■ EXERCISE OBJECTIVE
Find the word "rceil" in the data below and copy each line that holds it.

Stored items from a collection
^^^^^^^^^^^^^^^^
lemma shift_interval_prob_lower_unbounded_strict_antimono:
  assumes "\<And>k. pmf P k > 0"
  shows "strict_antimono_on UNIV (shift_interval_prob P (-\<infinity>) (of_int B))"
proof (rule strict_antimono_on_int_Suc)
  show "shift_interval_prob P (-\<infinity>) (of_int B) (y + 1) < shift_interval_prob P (-\<infinity>) (of_int B) y" for y
    using shift_interval_prob_Suc_lower_unbounded[of P B y] assms[of "B - 1 - y"] by linarith
qed auto

lemma shift_interval_prob_upper_unbounded_strict_mono:
  assumes "\<And>k. pmf P k > 0"
  shows "strict_mono_on UNIV (shift_interval_prob P (of_int A) \<infinity>)"
proof (rule strict_mono_on_int_Suc)
  show "shift_interval_prob P (of_int A) \<infinity> y < shift_interval_prob P (of_int A) \<infinity> (y + 1)" for y
    using shift_interval_prob_Suc_upper_unbounded[of P A y] assms[of "A - 1 - y"] by linarith
qed auto

lemma mid_eq:
  fixes A B :: int
  assumes "a n = of_int A" and "a (Suc n) = of_int B"
  shows "mid a n = real_of_int (A + B - 1) / 2"
  using assms by (simp add: mid_def)

lemma hfun_reflect:
  fixes A B :: int
  assumes "\<beta> > 0" and "t > 0" and "a n = of_int A" and "a (Suc n) = of_int B"
    and "real_of_int y + real_of_int y' = 2 * mid a n"
  shows "hfun \<beta> a n y t = hfun \<beta> a n y' t"
proof -
  have "real_of_int (y + y') = real_of_int (A + B - 1)"
    using assms(5) by (simp add: mid_eq[OF assms(3,4)])
  then have "y' = A + B - 1 - y"
    by (simp only: of_int_eq_iff)
  then show ?thesis
    using assms(1-4) by (simp add: hfun_eq_shift_interval_prob shift_interval_prob_reflect
                                   map_pmf_uminus_skellam_pmf)
qed

lemma hfun_ceiling_mid_eq_floor_mid:
  fixes A B :: int
  assumes "\<beta> > 0" and "t > 0" and "a n = of_int A" and "a (Suc n) = of_int B"
    and "mid a n \<notin> \<int>"
  shows "hfun \<beta> a n \<lceil>mid a n\<rceil> t = hfun \<beta> a n \<lfloor>mid a n\<rfloor> t"
proof (rule hfun_reflect[OF assms(1-4)])
  show "real_of_int \<lceil>mid a n\<rceil> + real_of_int \<lfloor>mid a n\<rfloor> = 2 * mid a n"
    using assms(5) ceiling_add_floor_half[of "A + B - 1"] unfolding mid_eq[OF assms(3,4)] by simp
qed

lemma hfun_strict_mono_antimono:
  assumes "\<beta> > 0" and "t \<in> {0<..<1}" and "a n < a (Suc n)"
    and lo: "a n = -\<infinity> \<or> (\<exists>A::int. a n = of_int A)"
    and hi: "a (Suc n) = \<infinity> \<or> (\<exists>B::int. a (Suc n) = of_int B)"
    and bounded: "a n \<noteq> -\<infinity> \<or> a (Suc n) \<noteq> \<infinity>"
  shows "strict_mono_on {y. ereal (real_of_int y) \<le> mlow a n} (\<lambda>y. hfun \<beta> a n y t)
       \<and> strict_antimono_on {y. mhigh a n \<le> ereal (real_of_int y)} (\<lambda>y. hfun \<beta> a n y t)"
proof -
  define P where "P = skellam_pmf \<beta> (1 - t)"
  have pos: "pmf P k > 0" and unimodal: "\<bar>k\<bar> < \<bar>k'\<bar> \<Longrightarrow> pmf P k' < pmf P k" for k k'
    using assms(1,2) by (simp_all add: P_def pmf_skellam_pmf_pos pmf_skellam_pmf_abs_less)
  have h: "(\<lambda>y. hfun \<beta> a n y t) = shift_interval_prob P (a n) (a (Suc n))"
    using assms(1,2) by (simp add: P_def hfun_eq_shift_interval_prob fun_eq_iff)
  consider B where "a n = -\<infinity>" "a (Suc n) = of_int B"
    | A where "a n = of_int A" "a (Suc n) = \<infinity>"
    | A B where "a n = of_int A" "a (Suc n) = of_int B" "A < B"
    using lo hi bounded \<open>a n < a (Suc n)\<close> by fastforce
  then show ?thesis
  proof cases
    case 1
    then show ?thesis
      using shift_interval_prob_lower_unbounded_strict_antimono[OF pos]
      by (simp add: h mlow_def mhigh_def)
  next
    case 2
    then show ?thesis
      using shift_interval_prob_upper_unbounded_strict_mono[OF pos]
      by (simp add: h mlow_def mhigh_def)
  next
    case 3
    then have "{y. ereal (real_of_int y) \<le> mlow a n} = {y. 2 * y \<le> A + B - 1}"
      and "{y. mhigh a n \<le> ereal (real_of_int y)} = {y. A + B - 1 \<le> 2 * y}"
      by (simp_all add: mlow_def mhigh_def mid_eq le_floor_half_iff ceiling_half_le_iff
                   del: of_int_add of_int_diff)
    then show ?thesis
      using 3 shift_interval_prob_strict_mono_on[OF \<open>A < B\<close> unimodal]
            shift_interval_prob_strict_antimono_on[OF \<open>A < B\<close> unimodal]
      by (simp add: h)
  qed
qed

theorem lemma5p2:
  fixes \<beta> :: real and N :: nat and a :: "nat \<Rightarrow> ereal" and n :: nat
  assumes beta_pos: "\<beta> > 0"
    and N_ge: "2 \<le> N"
    and a_first: "a 1 = -\<infinity>"
    and a_last: "a (Suc N) = \<infinity>"
    and a_strict: "\<forall>k \<in> {1..N}. a k < a (Suc k)"
    and a_int: "\<forall>k \<in> {2..N}. \<exists>z::int. a k = ereal (real_of_int z)"
    and m_nonint: "\<forall>k \<in> {2..N-1}. mid a k \<notin> \<int>"
    and n_range: "n \<in> {1..N}"
  shows "(1 < n \<and> n < N \<longrightarrow>
            (\<forall>t \<in> {0<..1}. (\<forall>y y'. real_of_int y + real_of_int y' = 2 * mid a n
                                 \<longrightarrow> hfun \<beta> a n y t = hfun \<beta> a n y' t)
                          \<and> hfun \<beta> a n \<lceil>mid a n\<rceil> t = hfun \<beta> a n \<lfloor>mid a n\<rfloor> t))
       \<and> (\<forall>t \<in> {0<..<1}.
            strict_mono_on {y::int. ereal (real_of_int y) \<le> mlow a n} (\<lambda>y. hfun \<beta> a n y t)
          \<and> strict_antimono_on {y::int. mhigh a n \<le> ereal (real_of_int y)} (\<lambda>y. hfun \<beta> a n y t))"
proof (intro conjI impI ballI allI)
  fix t :: real
  assume inner: "1 < n \<and> n < N" and "t \<in> {0<..1}"
  then have "t > 0" and "n \<in> {2..N}" and "Suc n \<in> {2..N}" by auto
  then obtain A B :: int where A: "a n = of_int A" and B: "a (Suc n) = of_int B"
    using a_int by blast
  show "hfun \<beta> a n y t = hfun \<beta> a n y' t"
    if "real_of_int y + real_of_int y' = 2 * mid a n" for y y'
    by (rule hfun_reflect[OF beta_pos \<open>t > 0\<close> A B that])
  show "hfun \<beta> a n \<lceil>mid a n\<rceil> t = hfun \<beta> a n \<lfloor>mid a n\<rfloor> t"
    using m_nonint inner by (intro hfun_ceiling_mid_eq_floor_mid[OF beta_pos \<open>t > 0\<close> A B]) auto
next
  fix t :: real
  assume t: "t \<in> {0<..<1}"
  have lo: "a n = -\<infinity> \<or> (\<exists>A::int. a n = of_int A)"
    using a_first a_int n_range by (cases "n = 1") auto
  have hi: "a (Suc n) = \<infinity> \<or> (\<exists>B::int. a (Suc n) = of_int B)"
    using a_last a_int n_range by (cases "n = N") auto
  have "n \<in> {2..N} \<or> Suc n \<in> {2..N}"
    using n_range N_ge by auto
  then have bounded: "a n \<noteq> -\<infinity> \<or> a (Suc n) \<noteq> \<infinity>"
    using a_int by fastforce
  have "a n < a (Suc n)"
    using a_strict n_range by blast
  from hfun_strict_mono_antimono[OF beta_pos t this lo hi bounded]
  show "strict_mono_on {y. ereal (real_of_int y) \<le> mlow a n} (\<lambda>y. hfun \<beta> a n y t)"
    and "strict_antimono_on {y. mhigh a n \<le> ereal (real_of_int y)} (\<lambda>y. hfun \<beta> a n y t)"
    by auto
qed

end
^^^^^^^^^^^^^^^^
■ SOLUTION TO THIS PROBLEM
  shows "hfun \<beta> a n \<lceil>mid a n\<rceil> t = hfun \<beta> a n \<lfloor>mid a n\<rfloor> t"
  show "real_of_int \<lceil>mid a n\<rceil> + real_of_int \<lfloor>mid a n\<rfloor> = 2 * mid a n"
                          \<and> hfun \<beta> a n \<lceil>mid a n\<rceil> t = hfun \<beta> a n \<lfloor>mid a n\<rfloor> t))
  show "hfun \<beta> a n \<lceil>mid a n\<rceil> t = hfun \<beta> a n \<lfloor>mid a n\<rfloor> t"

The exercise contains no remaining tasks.